Mozart’s Sister
Tammy Wynette was right:
Sometimes it’s hard to be a woman.
Just ask Ashley Judd. A beautiful, smart, successful
Hollywood actress, over the last two decades she has made a career of playing
strong, independent women. Seriously,
has she ever just played a dolly bird or a piece of eye candy? Even in A Dolphin Tale, it was a surprise when she wasn’t playing the
dolphin! Right now however it’s
not her acting that’s making headlines, but her puffy face. She’s all over the Internet, media
whores and ‘experts’ speculating as to whether or not she’s had work done, how
much work she’s had done, which procedures, which surgeon. Given some of the more hysterical
reports, you’d be forgiven for thinking she looked like Simon Weston with
sunburn. The truth is rather more
prosaic; she’d been ill, she’d been taking steroids as part of her treatment,
steroids make you puffy. Ashley’s
big crime was to go on TV and do an interview looking, well, normal. OK, not normal exactly. She still looked stunning. Her big crime was to give an interview
looking like a beautiful woman with water retention. But Ashley’s not just taking this media crap lying
down. She’s fighting back with a
fantastic article over at The Daily Beast decrying the “toxic misogyny’ of the
media. Shame there was no Internet
back in the 18th century to give Mozart’s Sister her chance to smash the patriarchy.

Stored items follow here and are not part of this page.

(* Let $N\ge1$ be an integer, $0<\delta,f\le1$, and let $\Omega$ be a positive-definite verification operator for $|\Psi\rangle$ with second largest eigenvalue $\beta$ and smallest eigenvalue $\tau$, $0<\tau\le\beta<1$. Let $h=[\min\{\beta\ln\beta^{-1},\tau\ln\tau^{-1}\}]^{-1}$. Then $$F(N,\delta,\Omega)\ge\frac{N+1-(\ln\beta)^{-1}\ln(\tau\delta)}{N+1-(\ln\beta)^{-1}\ln(\tau\delta)-h\ln(\tau\delta)},\qquad \mathcal F(N,f,\Omega)\ge\frac{N+1-(\ln\beta)^{-1}\ln f}{N+1-(\ln\beta)^{-1}\ln f-h\ln f}.$$
   Context: Let $\mathcal H$ be a Hilbert space of finite dimension $D\ge2$ and $|\Psi\rangle\in\mathcal H$ a unit vector. A verification operator for $|\Psi\rangle$ is a Hermitian operator $\Omega$ on $\mathcal H$ with $0\le\Omega\le1$, $\Omega|\Psi\rangle=|\Psi\rangle$, whose eigenvalue $1$ is nondegenerate. For a density operator $\rho$ on $\mathcal H^{\otimes(N+1)}$ put $p_\rho=\mathrm{tr}[(\Omega^{\otimes N}\otimes1)\rho]$, $f_\rho=\mathrm{tr}[(\Omega^{\otimes N}\otimes|\Psi\rangle\langle\Psi|)\rho]$. With minimization over permutation-invariant density operators on $\mathcal H^{\otimes(N+1)}$: $F(N,\delta,\Omega)=\min\{f_\rho/p_\rho:p_\rho\ge\delta\}$ and $\mathcal F(N,f,\Omega)=\min\{f_\rho/p_\rho:f_\rho\ge f\}$. *)

theory Defs
  imports "Jordan_Normal_Form.Char_Poly" "HOL-Combinatorics.Permutations"
begin

text \<open>The space H^{tensor n} is identified with C^(D^n): a basis index a < D^n encodes the
  tuple of local indices (digit D 0 a, ..., digit D (n-1) a); factor k is tensor slot k.\<close>

definition mtrace :: "complex mat \<Rightarrow> complex" where
  "mtrace A = (\<Sum>i<dim_row A. A $$ (i, i))"

definition hermitian_mat :: "nat \<Rightarrow> complex mat \<Rightarrow> bool" where
  "hermitian_mat n A \<longleftrightarrow> A \<in> carrier_mat n n \<and>
     (\<forall>i<n. \<forall>j<n. A $$ (i, j) = cnj (A $$ (j, i)))"

definition psd_mat :: "nat \<Rightarrow> complex mat \<Rightarrow> bool" where
  "psd_mat n A \<longleftrightarrow> hermitian_mat n A \<and>
     (\<forall>v \<in> carrier_vec n. 0 \<le> Re ((A *\<^sub>v v) \<bullet>c v))"

definition pd_mat :: "nat \<Rightarrow> complex mat \<Rightarrow> bool" where
  "pd_mat n A \<longleftrightarrow> hermitian_mat n A \<and>
     (\<forall>v \<in> carrier_vec n. v \<noteq> 0\<^sub>v n \<longrightarrow> 0 < Re ((A *\<^sub>v v) \<bullet>c v))"

definition density_op :: "nat \<Rightarrow> complex mat \<Rightarrow> bool" where
  "density_op n \<rho> \<longleftrightarrow> psd_mat n \<rho> \<and> mtrace \<rho> = 1"

definition verification_operator :: "nat \<Rightarrow> complex mat \<Rightarrow> complex vec \<Rightarrow> bool" where
  "verification_operator D \<Omega> \<Psi> \<longleftrightarrow>
     \<Psi> \<in> carrier_vec D \<and> \<Psi> \<bullet>c \<Psi> = 1 \<and>
     psd_mat D \<Omega> \<and> psd_mat D (1\<^sub>m D - \<Omega>) \<and>
     \<Omega> *\<^sub>v \<Psi> = \<Psi> \<and>
     (\<forall>v \<in> carrier_vec D. \<Omega> *\<^sub>v v = v \<longrightarrow> (\<exists>c. v = c \<cdot>\<^sub>v \<Psi>))"

definition digit :: "nat \<Rightarrow> nat \<Rightarrow> nat \<Rightarrow> nat" where
  "digit D k a = a div D ^ k mod D"

text \<open>Omega^{tensor N} tensor P on H^{tensor (N+1)} (P in the last slot, index N).\<close>
definition tensor_last :: "nat \<Rightarrow> nat \<Rightarrow> complex mat \<Rightarrow> complex mat \<Rightarrow> complex mat" where
  "tensor_last D N \<Omega> P = mat (D ^ (N + 1)) (D ^ (N + 1))
     (\<lambda>(a, b). (\<Prod>k<N. \<Omega> $$ (digit D k a, digit D k b)) * P $$ (digit D N a, digit D N b))"

definition proj :: "nat \<Rightarrow> complex vec \<Rightarrow> complex mat" where
  "proj D \<Psi> = mat D D (\<lambda>(i, j). \<Psi> $ i * cnj (\<Psi> $ j))"

text \<open>Permutation of tensor slots acting on basis indices.\<close>
definition perm_index :: "nat \<Rightarrow> nat \<Rightarrow> (nat \<Rightarrow> nat) \<Rightarrow> nat \<Rightarrow> nat" where
  "perm_index D n \<pi> a = (\<Sum>k<n. digit D (\<pi> k) a * D ^ k)"

definition perm_invariant :: "nat \<Rightarrow> nat \<Rightarrow> complex mat \<Rightarrow> bool" where
  "perm_invariant D n \<rho> \<longleftrightarrow>
     (\<forall>\<pi>. \<pi> permutes {..<n} \<longrightarrow>
        (\<forall>a < D ^ n. \<forall>b < D ^ n. \<rho> $$ (perm_index D n \<pi> a, perm_index D n \<pi> b) = \<rho> $$ (a, b)))"

definition p_val :: "nat \<Rightarrow> nat \<Rightarrow> complex mat \<Rightarrow> complex mat \<Rightarrow> real" where
  "p_val D N \<Omega> \<rho> = Re (mtrace (tensor_last D N \<Omega> (1\<^sub>m D) * \<rho>))"

definition f_val :: "nat \<Rightarrow> nat \<Rightarrow> complex mat \<Rightarrow> complex vec \<Rightarrow> complex mat \<Rightarrow> real" where
  "f_val D N \<Omega> \<Psi> \<rho> = Re (mtrace (tensor_last D N \<Omega> (proj D \<Psi>) * \<rho>))"

definition admissible :: "nat \<Rightarrow> nat \<Rightarrow> complex mat \<Rightarrow> bool" where
  "admissible D N \<rho> \<longleftrightarrow> density_op (D ^ (N + 1)) \<rho> \<and> perm_invariant D (N + 1) \<rho>"

end

theory Submission
  imports Defs "Jordan_Normal_Form.Schur_Decomposition"
begin

text \<open>
  Diagonalise \<open>\<Omega>\<close> in an orthonormal eigenbasis: \<open>\<Psi>\<close> spans the eigenvalue 1 and every other
  eigenvalue lies in \<open>[\<tau>, \<beta>]\<close>. In the product basis, \<open>p\<close>, \<open>f\<close> and
  \<open>y = tr ((\<Omega> \<otimes> \<dots> \<otimes> \<Omega>) \<rho>)\<close> (with \<open>N + 1\<close> factors) are expectations of products of
  eigenvalues under the diagonal \<open>R\<close> of \<open>\<rho>\<close>, a probability distribution on configurations
  \<open>c : {0..N} \<rightarrow> {0..<D}\<close> that is invariant under permuting the slots. Averaging over the slot
  that carries the projector gives \<open>(N + 1) (f - B p) = E\<^sub>R [\<Sum>\<^sub>j (\<Lambda> / \<lambda>\<^sub>j) ([\<lambda>\<^sub>j = 1] - B)]\<close>,
  where \<open>\<lambda>\<^sub>j\<close> is the eigenvalue in slot \<open>j\<close> and \<open>\<Lambda> = \<Prod>\<^sub>j \<lambda>\<^sub>j\<close>. Each summand is at least
  \<open>\<Lambda> ((1 - B) - c ln (1 / \<lambda>\<^sub>j))\<close> with \<open>c = (1 - B) / ln (1 / \<beta>) + B h\<close>; this is where
  \<open>h \<lambda> ln (1 / \<lambda>) \<ge> 1\<close> on \<open>[\<tau>, \<beta>]\<close> enters. The bound \<open>B\<close> of the theorem is exactly the value
  with \<open>(N + 1) (1 - B) = c a\<close>, where \<open>a = - ln x\<close>, so the sum over \<open>j\<close> equals
  \<open>c E\<^sub>R [\<Lambda> (a + ln \<Lambda>)]\<close>. By convexity of \<open>t ln t\<close> this is nonnegative as soon as
  \<open>y = E\<^sub>R [\<Lambda>] \<ge> x\<close>, and indeed \<open>y \<ge> \<tau> p \<ge> \<tau> \<delta>\<close> and \<open>y \<ge> f\<close>.
\<close>

section \<open>Digits of tensor indices\<close>

lemma digit_less: "0 < D \<Longrightarrow> digit D k a < D"
  by (simp add: digit_def)

lemma digit_0: "digit D 0 a = a mod D"
  by (simp add: digit_def)

lemma digit_Suc: "digit D (Suc k) a = digit D k (a div D)"
  by (simp add: digit_def div_mult2_eq mult.commute)

lemma digit_expansion_Suc: "(\<Sum>k<Suc n. f k * (D::nat) ^ k) = f 0 + D * (\<Sum>k<n. f (Suc k) * D ^ k)"
  by (subst sum.lessThan_Suc_shift) (simp add: sum_distrib_left mult_ac)

lemma digit_expansion: "0 < D \<Longrightarrow> a < D ^ n \<Longrightarrow> (\<Sum>k<n. digit D k a * D ^ k) = a"
proof (induction n arbitrary: a)
  case (Suc n)
  have "a div D < D ^ n"
    using Suc.prems by (simp add: less_mult_imp_div_less mult.commute)
  then have "(\<Sum>k<n. digit D k (a div D) * D ^ k) = a div D"
    using Suc by blast
  then show ?case
    by (simp only: digit_expansion_Suc digit_0 digit_Suc) simp
qed simp

lemma digit_expansion_less: "(\<forall>k<n. f k < (D::nat)) \<Longrightarrow> (\<Sum>k<n. f k * D ^ k) < D ^ n"
proof (induction n arbitrary: f)
  case (Suc n)
  have "(\<Sum>k<n. f (Suc k) * D ^ k) < D ^ n"
    using Suc by auto
  then have "(\<Sum>k<n. f (Suc k) * D ^ k) + 1 \<le> D ^ n"
    by linarith
  then have "D * ((\<Sum>k<n. f (Suc k) * D ^ k) + 1) \<le> D * D ^ n"
    by (rule mult_le_mono2)
  moreover have "f 0 < D"
    using Suc.prems by simp
  ultimately show ?case
    by (simp only: digit_expansion_Suc) (simp add: algebra_simps)
qed simp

You see according to French
writer/director René Féret, Mozart’s
Sister, Maria Anna, known as
Nannerl, would have been just as great a musical genius if it hadn’t been for
those pesky sexual and social conventions making her conform to 18th
century gender roles. A talented
musician in her own right, there’s no real evidence that Nannerl was touched by
the same genius as her brother but why let that get in the way of a good
story? Focusing on Nannerl’s
teenage years, Mozart’s Sister gives us
the Mozart family touring the great courts of Europe as itinerant musicians
performing for noble families.
Always in the shadow of her younger, boy genius brother Wolfgang (David
Moreau), Nannerl (Marie Féret) yearns to compose but finds her creativity
stifled by her overbearing father Leopold (Marc Barbé) who doesn’t think it’s a girl’s place to
compose. She forms an intense
friendship (bordering on the Sapphic, but not really as they’re played by
sisters) with the 13-year-old Princess Marie Louise (Lisa Féret).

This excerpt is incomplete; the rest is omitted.